Sturges pursed his lips.
“Got a wife? Or too busy bettering yourself to go a-courting?”
“Yes, I have a wife and two children: a son and a daughter.” He could not keep the lift of pride out of his voice.
“Have you indeed?” Sturges looked him straight in the eye. He tried to keep his dour manner, but the pleasure shone out of him in spite of it. “Where are they then? Up London way?”
“No, Charlotte is here with me. I’ll bring her to meet you.”
“You do that, if you want.” Sturges was damned if he was going to appear as if he cared. He turned away and began absentmindedly tidying some of the old straw.
“Before I do, can you tell me what happened about the dogs and Mr.
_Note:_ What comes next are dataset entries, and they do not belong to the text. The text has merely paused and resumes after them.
(* The lattice spanned by the columns of a nonsingular integer matrix M1 and of M2 is
   generated by a single matrix G = M1 X + M2 Y: choose one with |det G| minimal; if some
   lattice vector v were not in the column lattice of G, Cramer's rule would show that
   replacing a column of G by the remainder of v modulo G gives a lattice generator of
   smaller nonzero determinant.  G is then a common left divisor of M1 and M2, so left
   coprimeness makes it unimodular and turns it into a Bezout identity M1 X' + M2 Y' = I;
   transposition handles the right-hand side.  Bezout identities are preserved under
   multiplication by commuting factors, which gives coprimeness of products over disjoint
   index sets.  Finally, if X N1 + Y N2 = I and N1 N2 = N2 N1, every common right multiple
   C = N1 P = N2 Q equals N1 N2 (X Q + Y P), so by induction the product of the family
   divides every common right (and symmetrically left) multiple. *)

lemma matrix_add_rdistrib: "(B + C) ** A = B ** A + C ** A"
  by (vector matrix_matrix_mult_def sum.distrib[symmetric] field_simps)

lemma transpose_add: "transpose (A + B) = transpose A + transpose B"
  by (simp add: transpose_def vec_eq_iff)

lemma matrix_vector_mult_smult:
  fixes A :: "'a::comm_semiring_1^'n^'m"
  shows "A *v (c *s x) = c *s (A *v x)"
  by (simp add: matrix_vector_mult_def vec_eq_iff sum_distrib_left mult_ac)

lemma matrix_mult_eq_columnwise:
  assumes "\<And>j. A *v column j Z = column j B"
  shows "A ** Z = B"
  using assms by (simp add: vec_eq_iff matrix_matrix_mult_def matrix_vector_mult_def column_def)

lemma exists_right_factor:
  assumes "\<And>x. \<exists>z. A *v x = G *v z"
  shows "\<exists>Z. A = G ** Z"
proof -
  obtain f where f: "\<And>x. A *v x = G *v f x" using assms by metis
  define Z where "Z = (\<chi> i j. f (axis j 1) $ i)"
  have "A *v axis j 1 = column j A" for j
    by (simp add: matrix_vector_mult_def column_def axis_def vec_eq_iff if_distrib cong: if_cong)
  then have "G ** Z = A"
    by (intro matrix_mult_eq_columnwise) (simp add: Z_def column_def f[symmetric])
  then show ?thesis by metis
qed

section \<open>Cramer's rule for integer matrices\<close>

lemma map_matrix_of_int_mult:
  "(map_matrix of_int (A ** B) :: 'a::ring_1^_^_) = map_matrix of_int A ** map_matrix of_int B"
  by (simp add: matrix_matrix_mult_def vec_eq_iff)

lemma map_matrix_of_int_add:
  "(map_matrix of_int (A + B) :: 'a::ring_1^_^_) = map_matrix of_int A + map_matrix of_int B"
  by (simp add: vec_eq_iff)

lemma map_matrix_of_int_mat: "(map_matrix of_int (mat 1) :: 'a::ring_1^'n^'n) = mat 1"
  by (simp add: mat_def vec_eq_iff)

lemma map_matrix_of_int_eq_iff:
  "(map_matrix of_int A :: 'a::ring_char_0^_^_) = map_matrix of_int B \<longleftrightarrow> A = B"
  by (simp add: vec_eq_iff)

lemma det_map_matrix_of_int:
  "(det (map_matrix of_int A) :: 'a::comm_ring_1) = of_int (det A)"
  by (simp add: det_def of_int_sum of_int_mult of_int_prod)

lemma map_matrix_of_int_vector_mult:
  "(map_matrix of_int A :: 'a::ring_1^_^_) *v (\<chi> i. of_int (u $ i)) = (\<chi> i. of_int ((A *v u) $ i))"
  by (simp add: matrix_vector_mult_def vec_eq_iff)

definition replace_column :: "'a^'n^'m \<Rightarrow> 'n \<Rightarrow> 'a^'m \<Rightarrow> 'a^'n^'m" where
  "replace_column A k v = (\<chi> i j. if j = k then v $ i else A $ i $ j)"

definition cramer_numerators :: "int^'n^'n \<Rightarrow> int^'n \<Rightarrow> int^'n" where
  "cramer_numerators G v = (\<chi> k. det (replace_column G k v))"

lemma map_matrix_of_int_replace_column:
  "(map_matrix of_int (replace_column A k v) :: 'a::ring_1^_^_) =
     replace_column (map_matrix of_int A) k (\<chi> i. of_int (v $ i))"
  by (simp add: replace_column_def vec_eq_iff)

lemma mult_replace_column: "A ** replace_column X k u = replace_column (A ** X) k (A *v u)"
  by (simp add: replace_column_def matrix_matrix_mult_def matrix_vector_mult_def vec_eq_iff)

lemma add_replace_column:
  "replace_column A k u + replace_column B k v = replace_column (A + B) k (u + v)"
  by (simp add: replace_column_def vec_eq_iff)

lemma det_replace_column_scaled:
  fixes G :: "int^'n^'n"
  assumes "G *v u = c *s v" "c \<noteq> 0"
  shows "c * det (replace_column G k v) = u $ k * det G"
proof -
  let ?G = "map_matrix real_of_int G"
  define x where "x = (\<chi> i. real_of_int (u $ i) / real_of_int c)"
  have "(G *v u) $ i = c * v $ i" for i
    using assms(1) by simp
  then have Gx: "?G *v x = (\<chi> i. real_of_int (v $ i))"
    using assms(2) by (simp add: x_def matrix_vector_mult_def vec_eq_iff sum_divide_distrib[symmetric]
        flip: of_int_sum of_int_mult)
      (simp add: of_int_mult)
  have "det (replace_column ?G k (?G *v x)) = x $ k * det ?G"
    unfolding replace_column_def by (rule cramer_lemma)
  then have "real_of_int (det (replace_column G k v)) =
      real_of_int (u $ k) / real_of_int c * real_of_int (det G)"
    unfolding Gx
    by (simp add: map_matrix_of_int_replace_column[symmetric] det_map_matrix_of_int x_def)
  then show ?thesis
    using assms(2) by (simp add: field_simps flip: of_int_mult of_int_eq_iff)
qed

lemma matrix_vector_mult_cramer_numerators:
  fixes G :: "int^'n^'n"
  assumes "det G \<noteq> 0"
  shows "G *v cramer_numerators G v = det G *s v"
proof -
  let ?G = "map_matrix real_of_int G" and ?v = "\<chi> i. real_of_int (v $ i)"
  have "det ?G \<noteq> 0"
    using assms by (simp add: det_map_matrix_of_int)
  then have "?G *v (\<chi> k. det (replace_column ?G k ?v) / det ?G) = ?v"
    using cramer[of ?G _ ?v] by (simp add: replace_column_def)
  moreover have "(\<chi> k. det (replace_column ?G k ?v) / det ?G) =
      inverse (real_of_int (det G)) *s (\<chi> k. real_of_int (cramer_numerators G v $ k))"
    by (simp add: cramer_numerators_def det_map_matrix_of_int vec_eq_iff field_simps
        flip: map_matrix_of_int_replace_column)
  ultimately have "?G *v (\<chi> k. real_of_int (cramer_numerators G v $ k)) = real_of_int (det G) *s ?v"
    using assms by (simp add: vector_scalar_commute vec_eq_iff field_simps)
  then show ?thesis
    by (simp add: map_matrix_of_int_vector_mult vec_eq_iff flip: of_int_mult)
qed

lemma unimodular_right_inverse:
  fixes G :: "int^'n^'n"
  assumes "unimodular G"
  shows "\<exists>W. G ** W = mat 1"
proof -
  have d: "det G * det G = 1" "det G \<noteq> 0"
    using assms unfolding unimodular_def by auto
  have "mat 1 *v x = G *v (det G *s cramer_numerators G x)" for x
    using d by (simp add: matrix_vector_mult_smult matrix_vector_mult_cramer_numerators vector_smult_assoc)
  then have "\<exists>W. mat 1 = G ** W"
    by (intro exists_right_factor) blast
  then show ?thesis by metis
qed

section \<open>A generator of the lattice spanned by two matrices\<close>

lemma lattice_generator_descent:
  fixes M1 M2 G X Y :: "int^'n^'n" and x y :: "int^'n"
  assumes G: "det G \<noteq> 0" "G = M1 ** X + M2 ** Y"
    and outside: "\<nexists>z. M1 *v x + M2 *v y = G *v z"
  obtains X' Y' where "det (M1 ** X' + M2 ** Y') \<noteq> 0"
    and "\<bar>det (M1 ** X' + M2 ** Y')\<bar> < \<bar>det G\<bar>"
proof -
  define v where "v = M1 *v x + M2 *v y"
  define d where "d = det G"
  define w where "w = cramer_numerators G v"
  define q where "q = (\<chi> k. w $ k div d)"
  define r where "r = (\<chi> k. w $ k mod d)"
  have "w = d *s q + r"
    by (simp add: q_def r_def vec_eq_iff)
  moreover have "G *v w = d *s v"
    using G(1) by (simp add: w_def d_def matrix_vector_mult_cramer_numerators)
  ultimately have Gr: "G *v r = d *s (v - G *v q)"
    by (simp add: matrix_vector_right_distrib matrix_vector_mult_smult vector_ssub_ldistrib
        algebra_simps)
  obtain k where rk: "r $ k \<noteq> 0"
  proof (cases "r = 0")
    case True
    then have "d *s (v - G *v q) = 0"
      using Gr by simp
    then have "v = G *v q"
      using G(1) by (simp add: d_def vec_eq_iff)
    then show ?thesis
      using outside v_def by metis
  qed (auto simp: vec_eq_iff)
  have "d * det (replace_column G k (v - G *v q)) = r $ k * d"
    using det_replace_column_scaled[OF Gr] G(1) d_def by simp
  then have det_eq: "det (replace_column G k (v - G *v q)) = r $ k"
    using G(1) d_def by simp
  have "\<bar>r $ k\<bar> < \<bar>d\<bar>"
    using G(1) by (simp add: r_def d_def abs_mod_less)
  moreover have "replace_column G k (v - G *v q) =
      M1 ** replace_column X k (x - X *v q) + M2 ** replace_column Y k (y - Y *v q)"
    by (simp add: mult_replace_column add_replace_column G(2) v_def matrix_vector_mul_assoc
        algebra_simps)
  ultimately show ?thesis
    using that det_eq rk d_def by metis
qed

lemma left_lattice_generator:
  fixes M1 M2 :: "int^'n^'n"
  assumes "det M1 \<noteq> 0"
  obtains X Y where "det (M1 ** X + M2 ** Y) \<noteq> 0"
    and "\<And>x y. \<exists>z. M1 *v x + M2 *v y = (M1 ** X + M2 ** Y) *v z"
proof -
  let ?G = "\<lambda>(X, Y). M1 ** X + M2 ** Y"
  have "det (?G (mat 1, 0)) \<noteq> 0"
    using assms by simp
  then obtain XY where XY: "det (?G XY) \<noteq> 0"
    and least: "\<And>XY'. det (?G XY') \<noteq> 0 \<Longrightarrow> nat \<bar>det (?G XY)\<bar> \<le> nat \<bar>det (?G XY')\<bar>"
    using ex_has_least_nat[where P = "\<lambda>XY. det (?G XY) \<noteq> 0" and m = "\<lambda>XY. nat \<bar>det (?G XY)\<bar>"]
    by blast
  obtain X Y where [simp]: "XY = (X, Y)"
    by fastforce
  have "\<exists>z. M1 *v x + M2 *v y = ?G XY *v z" for x y
  proof (rule ccontr)
    assume "\<nexists>z. M1 *v x + M2 *v y = ?G XY *v z"
    then obtain X' Y' where "det (?G (X', Y')) \<noteq> 0" "\<bar>det (?G (X', Y'))\<bar> < \<bar>det (?G XY)\<bar>"
      using lattice_generator_descent[of "?G XY" M1 X M2 Y x y] XY by auto
    then show False
      using least[of "(X', Y')"] by linarith
  qed
  then show ?thesis
    using that XY by simp
qed

section \<open>Bezout identities and coprimeness\<close>

definition left_bezout :: "'a::comm_ring_1^'n^'n \<Rightarrow> 'a^'n^'n \<Rightarrow> bool" where
  "left_bezout A B \<longleftrightarrow> (\<exists>X Y. A ** X + B ** Y = mat 1)"

definition right_bezout :: "'a::comm_ring_1^'n^'n \<Rightarrow> 'a^'n^'n \<Rightarrow> bool" where
  "right_bezout A B \<longleftrightarrow> (\<exists>X Y. X ** A + Y ** B = mat 1)"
Danforth?” Pitt asked.
“No I can’t, Tom, and that’s a fact. Never took to
Danforth a lot, myself, but he was always fair, far as I knowed. And bright enough, considering.”
“He came over and chose two pups?”
“Aye, he did that.” He heaped the straw in a pile. “Then a couple o’ weeks later sent a note by one o’ his men to say he didn’t want ’em anymore. And a couple o’ weeks after that, came back to collect ’em and was as put out as all hell that we hadn’t still got them. Said a few unkind things about Sir Arthur. I’d have liked to ’ave given ’im a piece of my mind, but Sir Arthur wouldn’t ’ave wanted me to.”
“Did you see the note, or did Sir Arthur just tell you about it?”
He stared at Pitt, abandoning the straw.
“‘Course I saw the note! Were writ to me, me being the one as cares for the dogs, and Sir Arthur himself up in London at the time anyway.”
“Very strange,” Pitt agreed, thoughts racing in his head. “You are quite right. Someone is playing very odd games, and not in any good spirit, I think.”
“Games? You mean it weren’t Mr. Danforth going a bit gaga?”
“Not necessarily, although it does look like it. Do you still have the note?”
“Whatever for? Why should I keep a thing like that? No use to anyone.”